Question

find all local maximum and minimum points by the second derivative test when possible y=2+3×+3 (b) y=6×+sin3×​

Answer 1

Explanation:

Given a function f, whose derivatives are f' and f'', a value x is a critical point if f'(x) =0. A value x is a minimum of f if it is a critical point and f''(x) >0 and it is maximum if f''(x)<0. We will perfom the following steps:

1. Calculate the derivative f'.

2. Solve f'(x) =0.

3. Determine if the x value found in 2 is a minimum or a maximum using f''.

Recall the following properties of derivatives

`(\sin(x)) ' = \cos(x)`

`(\cos(x))' = -\sin(x)`

`(cf(x))' = cf'(x)` where c is a constant.

`(x^n)' = nx^(n-1)`

`(f+g)' = f'+g'` where f,g are differentiable.
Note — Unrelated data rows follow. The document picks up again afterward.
(* Let $(X,d)$ be a bounded metric space and let $M: X\to\mathbb{R}$ satisfy $d(x,y)\le M(x)\le d(x,z)+M(z)$ for all $x,y,z\in X$. Let $d_S$ be the subset distance on $\mathcal{F}(X)$ defined in the context. Let $X_1,X_2\in\mathcal{F}(X)$ with $|X_1|\le|X_2|$, and let $X_2'\subseteq X_2$ satisfy $|X_1|\le|X_2'|$. Then $d_S(X_1,X_2')\le d_S(X_1,X_2)$.
   Context: $\mathcal{F}(X)$ denotes the set of all finite subsets of $X$. For $A,B\in\mathcal{F}(X)$ with $|A|\le|B|$ and an injection $\chi:A\to B$, define $d_\chi(A,B)=\sum_{x\in A} d(x,\chi(x))+\sum_{y\in B\setminus\chi(A)} M(y)$. The subset distance is $d_S(A,B)=d_S(B,A)=\min\{d_\chi(A,B) : \chi:A\to B \text{ an injection}\}$ (for $|A|\le|B|$). *)

theory Defs
  imports "HOL-Analysis.Analysis"
begin

definition d_chi :: "('a::metric_space \<Rightarrow> real) \<Rightarrow> 'a set \<Rightarrow> 'a set \<Rightarrow> ('a \<Rightarrow> 'a) \<Rightarrow> real" where
  "d_chi M A B chi = (\<Sum>x\<in>A. dist x (chi x)) + (\<Sum>y\<in>B - chi ` A. M y)"

definition d_S_ord :: "('a::metric_space \<Rightarrow> real) \<Rightarrow> 'a set \<Rightarrow> 'a set \<Rightarrow> real" where
  "d_S_ord M A B = Min {d_chi M A B chi | chi. inj_on chi A \<and> chi ` A \<subseteq> B}"

definition d_S :: "('a::metric_space \<Rightarrow> real) \<Rightarrow> 'a set \<Rightarrow> 'a set \<Rightarrow> real" where
  "d_S M A B = (if card A \<le> card B then d_S_ord M A B else d_S_ord M B A)"

end

theory Submission
  imports Defs
begin

text \<open>Take an optimal injection \<open>\<chi>\<close> of \<open>X\<^sub>1\<close> into \<open>X\<^sub>2\<close>. The points of \<open>X\<^sub>1\<close> sent outside
  \<open>X\<^sub>2'\<close> are at most as many as the points of \<open>X\<^sub>2'\<close> missed by \<open>\<chi>\<close>, so they can be rerouted
  injectively onto such points \<open>u\<close>. By the triangle inequality and \<open>d(\<chi> x, u) \<le> M(u)\<close>, rerouting
  \<open>x\<close> costs at most the penalty \<open>M(u)\<close> that \<open>u\<close> no longer incurs, and the penalties of the
  discarded points of \<open>X\<^sub>2 - X\<^sub>2'\<close> are nonnegative. Only the bound \<open>d(x, y) \<le> M(x)\<close> is
  needed.\<close>

lemma d_chi_restrict: "d_chi M A B (restrict chi A) = d_chi M A B chi"
  unfolding d_chi_def by (simp add: image_restrict_eq)

lemma finite_d_chi_values:
  assumes "finite A" "finite B"
  shows "finite {d_chi M A B chi | chi. inj_on chi A \<and> chi ` A \<subseteq> B}"
proof (rule finite_subset)
  show "{d_chi M A B chi | chi. inj_on chi A \<and> chi ` A \<subseteq> B} \<subseteq> d_chi M A B ` (A \<rightarrow>\<^sub>E B)"
    by (auto intro!: image_eqI[where f = "d_chi M A B", OF d_chi_restrict[symmetric]])
  show "finite (d_chi M A B ` (A \<rightarrow>\<^sub>E B))"
    using assms by (intro finite_imageI finite_PiE)
qed

lemma d_S_ord_le_d_chi:
  assumes "finite A" "finite B" "inj_on chi A" "chi ` A \<subseteq> B"
  shows "d_S_ord M A B \<le> d_chi M A B chi"
  unfolding d_S_ord_def
proof (rule Min_le)
  show "finite {d_chi M A B chi | chi. inj_on chi A \<and> chi ` A \<subseteq> B}"
    using assms(1,2) by (rule finite_d_chi_values)
  show "d_chi M A B chi \<in> {d_chi M A B chi | chi. inj_on chi A \<and> chi ` A \<subseteq> B}"
    using assms(3,4) by auto
qed

lemma d_S_ord_attained:
  assumes "finite A" "finite B" "card A \<le> card B"
  obtains chi where "inj_on chi A" "chi ` A \<subseteq> B" "d_S_ord M A B = d_chi M A B chi"
proof -
  let ?V = "{d_chi M A B chi | chi. inj_on chi A \<and> chi ` A \<subseteq> B}"
  obtain chi where "inj_on chi A" "chi ` A \<subseteq> B"
    using card_le_inj[OF assms] by auto
  then have "?V \<noteq> {}"
    by auto
  with finite_d_chi_values[OF assms(1,2)] have "Min ?V \<in> ?V"
    by (rule Min_in)
  then obtain chi where "inj_on chi A" "chi ` A \<subseteq> B" "Min ?V = d_chi M A B chi"
    by auto
  then show thesis
    by (intro that) (simp_all add: d_S_ord_def)
qed

lemma card_mapped_outside_le_card_unused:
  assumes "finite A" "finite B" "inj_on chi A" "card A \<le> card B"
  shows "card {x \<in> A. chi x \<notin> B} \<le> card (B - chi ` A)"
proof -
  have "card A = card {x \<in> A. chi x \<in> B} + card {x \<in> A. chi x \<notin> B}"
    using assms(1) by (subst card_Un_disjoint[symmetric]) (auto intro: arg_cong[where f = card])
  moreover have "card {x \<in> A. chi x \<in> B} = card (B \<inter> chi ` A)"
  proof -
    have "B \<inter> chi ` A = chi ` {x \<in> A. chi x \<in> B}" by auto
    then show ?thesis
      using assms(3) by (simp add: card_image inj_on_subset)
  qed
  moreover have "card B = card (B \<inter> chi ` A) + card (B - chi ` A)"
    using assms(2) by (simp add: card_Int_Diff)
  ultimately show ?thesis
    using assms(4) by linarith
qed

lemma inj_on_patch:
  assumes "inj_on f A" "inj_on g P" "g ` P \<inter> f ` A = {}"
  shows "inj_on (\<lambda>x. if x \<in> P then g x else f x) A"
  using assms unfolding inj_on_def by (smt (verit) disjoint_iff image_eqI)

lemma d_chi_patch_le:
  fixes M :: "'a::metric_space \<Rightarrow> real"
  assumes M_ge_dist: "\<And>x y. dist x y \<le> M x"
    and "finite A" "finite B" "B' \<subseteq> B" "P \<subseteq> A"
    and outside: "\<And>x. x \<in> P \<Longrightarrow> chi x \<notin> B'"
    and g: "inj_on g P" "g ` P \<subseteq> B' - chi ` A"
  shows "d_chi M A B' (\<lambda>x. if x \<in> P then g x else chi x) \<le> d_chi M A B chi"
proof -
  define chi' where "chi' x = (if x \<in> P then g x else chi x)" for x
  have "finite B'"
    using assms(3,4) by (rule finite_subset[rotated])
  have dist_chi': "dist x (chi' x) \<le> dist x (chi x) + (if x \<in> P then M (g x) else 0)" for x
    using dist_triangle[of x "g x" "chi x"] M_ge_dist[of "g x" "chi x"]
    by (simp add: chi'_def dist_commute)
  have "(\<Sum>x\<in>A. dist x (chi' x)) \<le> (\<Sum>x\<in>A. dist x (chi x) + (if x \<in> P then M (g x) else 0))"
    by (rule sum_mono) (rule dist_chi')
  also have "\<dots> = (\<Sum>x\<in>A. dist x (chi x)) + (\<Sum>x\<in>P. M (g x))"
    using \<open>finite A\<close> \<open>P \<subseteq> A\<close> by (simp add: sum.distrib sum.If_cases Int_absorb1)
  also have "(\<Sum>x\<in>P. M (g x)) = (\<Sum>y\<in>g ` P. M y)"
    using g(1) by (simp add: sum.reindex)
  finally have matched:
    "(\<Sum>x\<in>A. dist x (chi' x)) \<le> (\<Sum>x\<in>A. dist x (chi x)) + (\<Sum>y\<in>g ` P. M y)" .
  have "B' - chi' ` A = (B' - chi ` A) - g ` P"
    using outside \<open>P \<subseteq> A\<close> by (auto simp: chi'_def)
  then have "(\<Sum>y\<in>g ` P. M y) + (\<Sum>y\<in>B' - chi' ` A. M y) = (\<Sum>y\<in>B' - chi ` A. M y)"
    using sum.subset_diff[OF g(2), of M] \<open>finite B'\<close> by simp
  also have "\<dots> \<le> (\<Sum>y\<in>B - chi ` A. M y)"
    using assms(3,4) order_trans[OF zero_le_dist M_ge_dist]
    by (intro sum_mono2) auto
  finally show ?thesis
    unfolding d_chi_def chi'_def[symmetric] using matched by linarith
qed

lemma d_chi_reroute_into_subset:
  fixes M :: "'a::metric_space \<Rightarrow> real"
  assumes M_ge_dist: "\<And>x y. dist x y \<le> M x"
    and "finite A" "finite B" "B' \<subseteq> B" "card A \<le> card B'"
    and chi: "inj_on chi A" "chi ` A \<subseteq> B"
  obtains chi' where "inj_on chi' A" "chi' ` A \<subseteq> B'" "d_chi M A B' chi' \<le> d_chi M A B chi"
proof -
  define P where "P = {x \<in> A. chi x \<notin> B'}"
  have "finite P" "finite B'"
    using assms(2-4) finite_subset by (auto simp: P_def)
  have "card P \<le> card (B' - chi ` A)"
    unfolding P_def using card_mapped_outside_le_card_unused[OF assms(2) \<open>finite B'\<close> chi(1) assms(5)] .
  then obtain g where g: "g ` P \<subseteq> B' - chi ` A" "inj_on g P"
    using card_le_inj \<open>finite P\<close> \<open>finite B'\<close> by blast
  define chi' where "chi' x = (if x \<in> P then g x else chi x)" for x
  have "inj_on chi' A"
    unfolding chi'_def using chi(1) g by (intro inj_on_patch) auto
  moreover have "chi' ` A \<subseteq> B'"
    using chi(2) g by (auto simp: chi'_def P_def)
  moreover have "d_chi M A B' chi' \<le> d_chi M A B chi"
    unfolding chi'_def using g by (intro d_chi_patch_le[OF M_ge_dist assms(2-4)]) (auto simp: P_def)
  ultimately show thesis
    by (rule that)
qed

lemma d_S_ord_subset_le:
  fixes M :: "'a::metric_space \<Rightarrow> real"
  assumes "\<And>x y. dist x y \<le> M x"
    and "finite A" "finite B" "B' \<subseteq> B" "card A \<le> card B'"
  shows "d_S_ord M A B' \<le> d_S_ord M A B"
proof -
  have "finite B'"
    using assms(3,4) by (rule finite_subset[rotated])
  have "card A \<le> card B"
    using assms(5) card_mono[OF assms(3,4)] by linarith
  obtain chi where chi: "inj_on chi A" "chi ` A \<subseteq> B" "d_S_ord M A B = d_chi M A B chi"
    using d_S_ord_attained[OF assms(2,3) \<open>card A \<le> card B\<close>] .
  obtain chi' where chi': "inj_on chi' A" "chi' ` A \<subseteq> B'" "d_chi M A B' chi' \<le> d_chi M A B chi"
    using d_chi_reroute_into_subset[OF assms chi(1,2)] .
  have "d_S_ord M A B' \<le> d_chi M A B' chi'"
    using d_S_ord_le_d_chi[OF assms(2) \<open>finite B'\<close> chi'(1,2)] .
  then show ?thesis
    using chi(3) chi'(3) by linarith
qed

theorem corollary2p4:
  fixes M :: "'a::metric_space \<Rightarrow> real"
    and X1 X2 X2' :: "'a set"
  assumes bdd: "bounded (UNIV :: 'a set)"
    and M_cond: "\<And>x y z. dist x y \<le> M x \<and> M x \<le> dist x z + M z"
    and fin1: "finite X1" and fin2: "finite X2"
    and card12: "card X1 \<le> card X2"
    and sub: "X2' \<subseteq> X2"
    and card12': "card X1 \<le> card X2'"
  shows "d_S M X1 X2' \<le> d_S M X1 X2"
proof -
  have "d_S_ord M X1 X2' \<le> d_S_ord M X1 X2"
    using M_cond by (intro d_S_ord_subset_le[OF _ fin1 fin2 sub card12']) blast
  then show ?thesis
    by (simp add: d_S_def card12 card12')
qed

end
`(c)' =0` where c is a constant.

`(f(g(x))' = f'(g(x)) \cdot g'(x)` (chain rule)

Case 1: f(x) = 2+3x+3.

Using the properties from above, we have

1.
`f'(x) = 0+3+0 = 3`

2. The equation f'(x)=0 where f'(x) = 3 has no solution.

3. Based on the previous result, f has no maximum nor minimum.

Case 2:
`f(x) = 6x+\sin(3x)`

1.
`f'(x) = 6+3\cos(3x)`

2. We have the equation

`6+3\cos(3x)=0`

which is equivalent to

`\cos(3x) = -2`

Recall that the cosine function only takes values in the set [-1,1]. So, this equation has no solution.

3. Based on the previous result, f has no maximum nor minimum.